Write out, as an exact transcription, the line that has "using 2(4)[OF that" and each line after it through the end of the data below.

___ Data in this exercise

lemma UPi_USig_comp_complexity:
  assumes pr: "pairing_bij pr" and "Stp pr f" and s: "s \<in> BS" and "r \<in> BS"
  shows "UPi_comp pr f s r \<in> CountInter (SigA (alpha pr f))
    \<and> USig_comp pr f s r \<in> CountUnion (PiA (alpha pr f))"
  using assms(2,4)
proof (induction arbitrary: r rule: Stp.induct)
  case (1 f)
  have "UPi_comp pr f s r \<in> CountInter Alg" "USig_comp pr f s r \<in> CountUnion Alg"
    unfolding UPi_comp_leaf[where f = f, OF 1(2,3)] USig_comp_leaf[where f = f, OF 1(2,3)]
    by (intro CountInter_INT CountUnion_UN in_CountInter in_CountUnion countableI_type
          Alg_Un Alg_Int Bset_in_Alg Diff_Bset_in_Alg precomp_in_Alg[OF s] algS_in_Alg; force)+
  then show ?case
    by (simp add: alpha_leaf[where f = f, OF 1(2)] SigA_def PiA_def)
next
  case (2 f)
  then have stp: "Stp pr f"
    by (blast intro: Stp.intros)
  have "USig_comp pr (sect pr f n) s (sect pr r n) \<in> SigA (alpha pr f)"
    and "UPi_comp pr (sect pr f n) s (sect pr r n) \<in> PiA (alpha pr f)" if "n \<ge> 1" for n
    using 2(4)[OF that sect_in_BS[OF pr 2(5) that]] CountUnion_PiA_alpha_sect[OF stp 2(2) that]
      CountInter_SigA_alpha_sect[OF stp 2(2) that] by auto
  then show ?case
    unfolding UPi_comp_node[OF stp 2(2)] USig_comp_node[OF stp 2(2)]
    by (intro conjI CountInter_INT CountUnion_UN in_CountInter in_CountUnion countableI_type) auto
qed

theorem lemma5p24:
  fixes pr :: "nat \<Rightarrow> nat \<Rightarrow> nat" and f :: "nat \<Rightarrow> nat"
  assumes "pairing_bij pr"
    and "Stp pr f"
  shows "UPi pr f \<in> CountInter (SigA (alpha pr f)) \<and> USig pr f \<in> CountUnion (PiA (alpha pr f))"
proof -
  have "id \<in> BS"
    unfolding BS_def by simp
  then have coords: "sect pr id 1 \<in> BS" "sect pr id 2 \<in> BS"
    using sect_in_BS[OF assms(1)] by auto
  have "UPi pr f = UPi_comp pr f (sect pr id 1) (sect pr id 2)"
    and "USig pr f = USig_comp pr f (sect pr id 1) (sect pr id 2)"
    unfolding UPi_def USig_def UPi_comp_def USig_comp_def using sect_comp[of _ pr id] by auto
  then show ?thesis
    using UPi_USig_comp_complexity[OF assms coords] by simp
qed

end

______

• Reply:
    using 2(4)[OF that sect_in_BS[OF pr 2(5) that]] CountUnion_PiA_alpha_sect[OF stp 2(2) that]
      CountInter_SigA_alpha_sect[OF stp 2(2) that] by auto
  then show ?case
    unfolding UPi_comp_node[OF stp 2(2)] USig_comp_node[OF stp 2(2)]
    by (intro conjI CountInter_INT CountUnion_UN in_CountInter in_CountUnion countableI_type) auto
qed

theorem lemma5p24:
  fixes pr :: "nat \<Rightarrow> nat \<Rightarrow> nat" and f :: "nat \<Rightarrow> nat"
  assumes "pairing_bij pr"
    and "Stp pr f"
  shows "UPi pr f \<in> CountInter (SigA (alpha pr f)) \<and> USig pr f \<in> CountUnion (PiA (alpha pr f))"
proof -
  have "id \<in> BS"
    unfolding BS_def by simp
  then have coords: "sect pr id 1 \<in> BS" "sect pr id 2 \<in> BS"
    using sect_in_BS[OF assms(1)] by auto
  have "UPi pr f = UPi_comp pr f (sect pr id 1) (sect pr id 2)"
    and "USig pr f = USig_comp pr f (sect pr id 1) (sect pr id 2)"
    unfolding UPi_def USig_def UPi_comp_def USig_comp_def using sect_comp[of _ pr id] by auto
  then show ?thesis
    using UPi_USig_comp_complexity[OF assms coords] by simp
qed

end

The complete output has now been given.